■ What you are asked to do ■
The line containing "unfolding istopology_def" and every line after it, through the end of the records below: repeat them exactly, nothing more.

■ Collected data entries ■
(* Let $\pi:D\to M$ be a homomorphism from a discrete semigroup $D$ to a Hausdorff topological semigroup $M$, and let $S=D\cup_\pi M$ (a semitopological semigroup). The following are equivalent: (1) $S$ is a topological semigroup (multiplication jointly continuous); (2) for each $c\in D$ the set $D_c=\{(x,y)\in D\times D:xy=c\}$ is closed in $S\times S$. If moreover $\pi$ is finitely resolvable, then (1) and (2) are equivalent to (3) for each $c\in D$ the set $\pi^2(D_c)=\{(\pi(x),\pi(y)):(x,y)\in D_c\}$ is closed and discrete in $M\times M$, and they are implied by (4) the subspace $\pi(D)$ is discrete in $M$ and $M\setminus\pi(D)$ is a two-sided ideal in $M$.
   Context: For a discrete space $D$: if $D$ is infinite, $\alpha D=D\cup\{\infty\}$ is its one-point compactification; if $D$ is finite, $\alpha D$ is the topological sum of $D$ and an isolated point $\infty\notin D$. For a map $\pi:D\to M$, $D\cup_\pi M$ is the subspace $\{(x,\pi(x)):x\in D\}\cup(\{\infty\}\times M)$ of $\alpha D\times M$, with $D$ identified with $\{(x,\pi(x))\}$ and $M$ with $\{\infty\}\times M$. When $D$ is a semigroup, $M$ a semitopological semigroup and $\pi$ a homomorphism, $D\cup_\pi M$ carries the semigroup operation extending those of $D$ and $M$ by $xy=\pi(x)y$ for $x\in D,y\in M$ and $xy=x\pi(y)$ for $x\in M,y\in D$; this makes it a semitopological semigroup (separately continuous multiplication). The homomorphism $\pi$ is finitely resolvable if for all $a,b\in M$ and $c\in D$ the set $\{(x,y)\in D\times D:\pi(x)=a,\ \pi(y)=b,\ xy=c\}$ is finite. *)

theory Defs
  imports "HOL-Analysis.Analysis"
begin

text \<open>The space \<alpha>D on type d option, with None playing the role of the point at infinity.  For infinite D this is the
  one-point compactification of the discrete space D; for finite D every set is open, i.e. \<alpha>D is
  the discrete sum of D and an isolated point.\<close>
definition alpha_top :: "'d option topology" where
  "alpha_top = topology (\<lambda>U. None \<in> U \<longrightarrow> finite (- U))"

text \<open>Underlying set of D \<union>_\<pi> M as a subset of \<alpha>D \<times> M.\<close>
definition glue_carrier :: "('d \<Rightarrow> 'm) \<Rightarrow> ('d option \<times> 'm) set" where
  "glue_carrier \<pi> = {(Some x, \<pi> x) | x. True} \<union> {(None, m) | m. True}"

definition glue_top :: "('d \<Rightarrow> 'm::topological_space) \<Rightarrow> ('d option \<times> 'm) topology" where
  "glue_top \<pi> = subtopology (prod_topology alpha_top euclidean) (glue_carrier \<pi>)"

text \<open>Multiplication of D \<union>_\<pi> M (on carrier points: xy in D, \<pi>(x)y, x\<pi>(y), or in M).\<close>
definition glue_mult ::
  "('d::semigroup_mult) option \<times> ('m::semigroup_mult) \<Rightarrow> 'd option \<times> 'm \<Rightarrow> 'd option \<times> 'm" where
  "glue_mult s t = ((case (fst s, fst t) of (Some x, Some y) \<Rightarrow> Some (x * y) | _ \<Rightarrow> None),
                    snd s * snd t)"

definition finitely_resolvable :: "('d::semigroup_mult \<Rightarrow> 'm) \<Rightarrow> bool" where
  "finitely_resolvable \<pi> \<longleftrightarrow>
     (\<forall>a b c. finite {(x, y). \<pi> x = a \<and> \<pi> y = b \<and> x * y = c})"

definition two_sided_ideal :: "'m::semigroup_mult set \<Rightarrow> bool" where
  "two_sided_ideal I \<longleftrightarrow> (\<forall>a\<in>I. \<forall>m. m * a \<in> I \<and> a * m \<in> I)"

end

theory Submission
  imports Defs
begin

text \<open>
  Multiplication on \<open>S\<close> is continuous iff each \<open>D\<^sub>c\<close> is closed in \<open>S \<times> S\<close>: the \<open>M\<close>-coordinate of the
  product is always continuous, and the \<open>D\<close>-coordinate is continuous exactly when the preimages
  \<open>D\<^sub>c\<close> of the isolated points \<open>c\<close> are closed.  Closedness of \<open>D\<^sub>c\<close> is then analysed point by
  point through the basic neighbourhoods ("coboxes") of \<open>S\<close>, giving three separation properties.
  In a \<open>T\<^sub>1\<close> space these imply that \<open>\<pi>\<^sup>2(D\<^sub>c)\<close> has no limit points in \<open>M \<times> M\<close>, i.e. is closed
  and discrete; finite resolvability gives the converse.  Finally, condition (4) directly
  implies that these sets have no limit points.
\<close>

lemma closedin_prod_iff_boxes:
  assumes "Z \<subseteq> topspace X \<times> topspace Y"
  shows "closedin (prod_topology X Y) Z \<longleftrightarrow>
    (\<forall>x\<in>topspace X. \<forall>y\<in>topspace Y. (x, y) \<notin> Z \<longrightarrow>
       (\<exists>U V. openin X U \<and> openin Y V \<and> x \<in> U \<and> y \<in> V \<and> (U \<times> V) \<inter> Z = {}))"
    (is "_ \<longleftrightarrow> ?R")
proof -
  have "closedin (prod_topology X Y) Z \<longleftrightarrow> openin (prod_topology X Y) (topspace X \<times> topspace Y - Z)"
    using assms by (simp add: closedin_def)
  also have "\<dots> \<longleftrightarrow> (\<forall>x y. (x, y) \<in> topspace X \<times> topspace Y - Z \<longrightarrow>
      (\<exists>U V. openin X U \<and> openin Y V \<and> x \<in> U \<and> y \<in> V \<and> U \<times> V \<subseteq> topspace X \<times> topspace Y - Z))"
    by (rule openin_prod_topology_alt)
  also have "\<dots> \<longleftrightarrow> ?R"
  proof -
    have "U \<times> V \<subseteq> topspace X \<times> topspace Y - Z \<longleftrightarrow> (U \<times> V) \<inter> Z = {}"
      if "openin X U" "openin Y V" for U V
    proof -
      have "U \<times> V \<subseteq> topspace X \<times> topspace Y"
        using openin_subset[OF that(1)] openin_subset[OF that(2)] by (rule Sigma_mono)
      then show ?thesis by blast
    qed
    then show ?thesis by (simp add: Ball_def imp_conjL cong: conj_cong)
  qed
  finally show ?thesis .
qed

lemma not_islimpt_iff: "\<not> z islimpt P \<longleftrightarrow> (\<exists>T. open T \<and> z \<in> T \<and> T \<inter> P \<subseteq> {z})"
  unfolding islimpt_def by blast

lemma discrete_subtopology_iff:
  fixes P :: "'a::topological_space set"
  shows "subtopology euclidean P = discrete_topology P \<longleftrightarrow> (\<forall>p\<in>P. \<not> p islimpt P)"
proof -
  have "openin (subtopology euclidean P) {p} \<longleftrightarrow> \<not> p islimpt P" if "p \<in> P" for p
  proof -
    have "openin (subtopology euclidean P) {p} \<longleftrightarrow> (\<exists>T. open T \<and> {p} = T \<inter> P)"
      by (simp add: openin_subtopology)
    also have "\<dots> \<longleftrightarrow> (\<exists>T. open T \<and> p \<in> T \<and> T \<inter> P \<subseteq> {p})"
      using that by blast
    finally show ?thesis by (simp add: not_islimpt_iff)
  qed
  then show ?thesis
    using discrete_topology_unique[of P "subtopology euclidean P"] by (simp add: eq_commute)
qed

text \<open>Closed and discrete subsets are exactly the sets without limit points; this turns
  condition (3) into a pointwise statement.\<close>
lemma closed_discrete_iff_no_limpt:
  fixes P :: "'a::topological_space set"
  shows "closed P \<and> subtopology euclidean P = discrete_topology P \<longleftrightarrow> (\<forall>z. \<not> z islimpt P)"
  using closed_limpt[of P] discrete_subtopology_iff[of P] by blast

lemma not_islimpt_prod_iff:
  fixes P :: "('a::topological_space \<times> 'b::topological_space) set"
  shows "\<not> (a, b) islimpt P \<longleftrightarrow>
    (\<exists>A B. open A \<and> open B \<and> a \<in> A \<and> b \<in> B \<and> (A \<times> B) \<inter> P \<subseteq> {(a, b)})"
proof
  assume "\<not> (a, b) islimpt P"
  then obtain T where T: "open T" "(a, b) \<in> T" "T \<inter> P \<subseteq> {(a, b)}"
    unfolding not_islimpt_iff by blast
  obtain A B where "open A" "open B" "(a, b) \<in> A \<times> B" "A \<times> B \<subseteq> T"
    using T(1,2) by (rule open_prod_elim)
  with T(3) show "\<exists>A B. open A \<and> open B \<and> a \<in> A \<and> b \<in> B \<and> (A \<times> B) \<inter> P \<subseteq> {(a, b)}"
    by (intro exI[of _ A] exI[of _ B]) auto
next
  assume "\<exists>A B. open A \<and> open B \<and> a \<in> A \<and> b \<in> B \<and> (A \<times> B) \<inter> P \<subseteq> {(a, b)}"
  then show "\<not> (a, b) islimpt P"
    unfolding not_islimpt_iff by (metis mem_Times_iff fst_conv snd_conv open_Times)
qed

lemma remove_finite_exceptions:
  fixes f :: "'a \<Rightarrow> 'm::t1_space"
  assumes "open W" "b \<in> W" "finite {y. P y \<and> f y \<in> W}"
  shows "\<exists>W'. open W' \<and> b \<in> W' \<and> W' \<subseteq> W \<and> (\<forall>y. P y \<longrightarrow> f y \<in> W' \<longrightarrow> f y = b)"
proof (intro exI conjI allI impI)
  let ?W' = "W - (f ` {y. P y \<and> f y \<in> W} - {b})"
  show "open ?W'" using assms(1,3) by (intro open_Diff finite_imp_closed) auto
  show "b \<in> ?W'" "?W' \<subseteq> W" using assms(2) by auto
  show "f y = b" if "P y" "f y \<in> ?W'" for y using that by auto
qed

lemma continuous_mult_box:
  fixes a b :: "'m::{topological_space, semigroup_mult}"
  assumes "continuous_map (prod_topology euclidean euclidean) euclidean (\<lambda>(u::'m, v). u * v)"
    and "open W" "a * b \<in> W"
  obtains A B where "open A" "open B" "a \<in> A" "b \<in> B" "\<And>u v. u \<in> A \<Longrightarrow> v \<in> B \<Longrightarrow> u * v \<in> W"
proof -
  have "open {z. (\<lambda>(u::'m, v). u * v) z \<in> W}"
    using openin_continuous_map_preimage[OF assms(1), of W] assms(2) by simp
  moreover have "(a, b) \<in> {z. (\<lambda>(u::'m, v). u * v) z \<in> W}" using assms(3) by simp
  ultimately obtain A B where AB: "open A" "open B" "(a, b) \<in> A \<times> B"
      and box: "A \<times> B \<subseteq> {z. (\<lambda>(u::'m, v). u * v) z \<in> W}"
    by (rule open_prod_elim)
  have "u * v \<in> W" if "u \<in> A" "v \<in> B" for u v
    using subsetD[OF box, of "(u, v)"] that by simp
  then show thesis using AB by (intro that[of A B]) auto
qed

lemma alpha_open:
  fixes U :: "'d option set"
  shows "openin alpha_top U \<longleftrightarrow> (None \<in> U \<longrightarrow> finite (- U))"
proof -
  have "istopology (\<lambda>U::'d option set. None \<in> U \<longrightarrow> finite (- U))"
    unfolding istopology_def
  proof (intro conjI allI impI)
    fix \<K> :: "'d option set set"
    assume "\<forall>K\<in>\<K>. None \<in> K \<longrightarrow> finite (- K)" "None \<in> \<Union>\<K>"
    then obtain K where "K \<in> \<K>" "finite (- K)" by blast
    moreover have "- \<Union>\<K> \<subseteq> - K" using \<open>K \<in> \<K>\<close> by blast
    ultimately show "finite (- \<Union>\<K>)" by (meson finite_subset)
  qed auto
  then have "openin alpha_top = (\<lambda>U::'d option set. None \<in> U \<longrightarrow> finite (- U))"
    unfolding alpha_top_def by (rule topology_inverse')
  then show ?thesis by simp
qed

■ Completed exercise ■
    unfolding istopology_def
  proof (intro conjI allI impI)
    fix \<K> :: "'d option set set"
    assume "\<forall>K\<in>\<K>. None \<in> K \<longrightarrow> finite (- K)" "None \<in> \<Union>\<K>"
    then obtain K where "K \<in> \<K>" "finite (- K)" by blast
    moreover have "- \<Union>\<K> \<subseteq> - K" using \<open>K \<in> \<K>\<close> by blast
    ultimately show "finite (- \<Union>\<K>)" by (meson finite_subset)
  qed auto
  then have "openin alpha_top = (\<lambda>U::'d option set. None \<in> U \<longrightarrow> finite (- U))"
    unfolding alpha_top_def by (rule topology_inverse')
  then show ?thesis by simp
qed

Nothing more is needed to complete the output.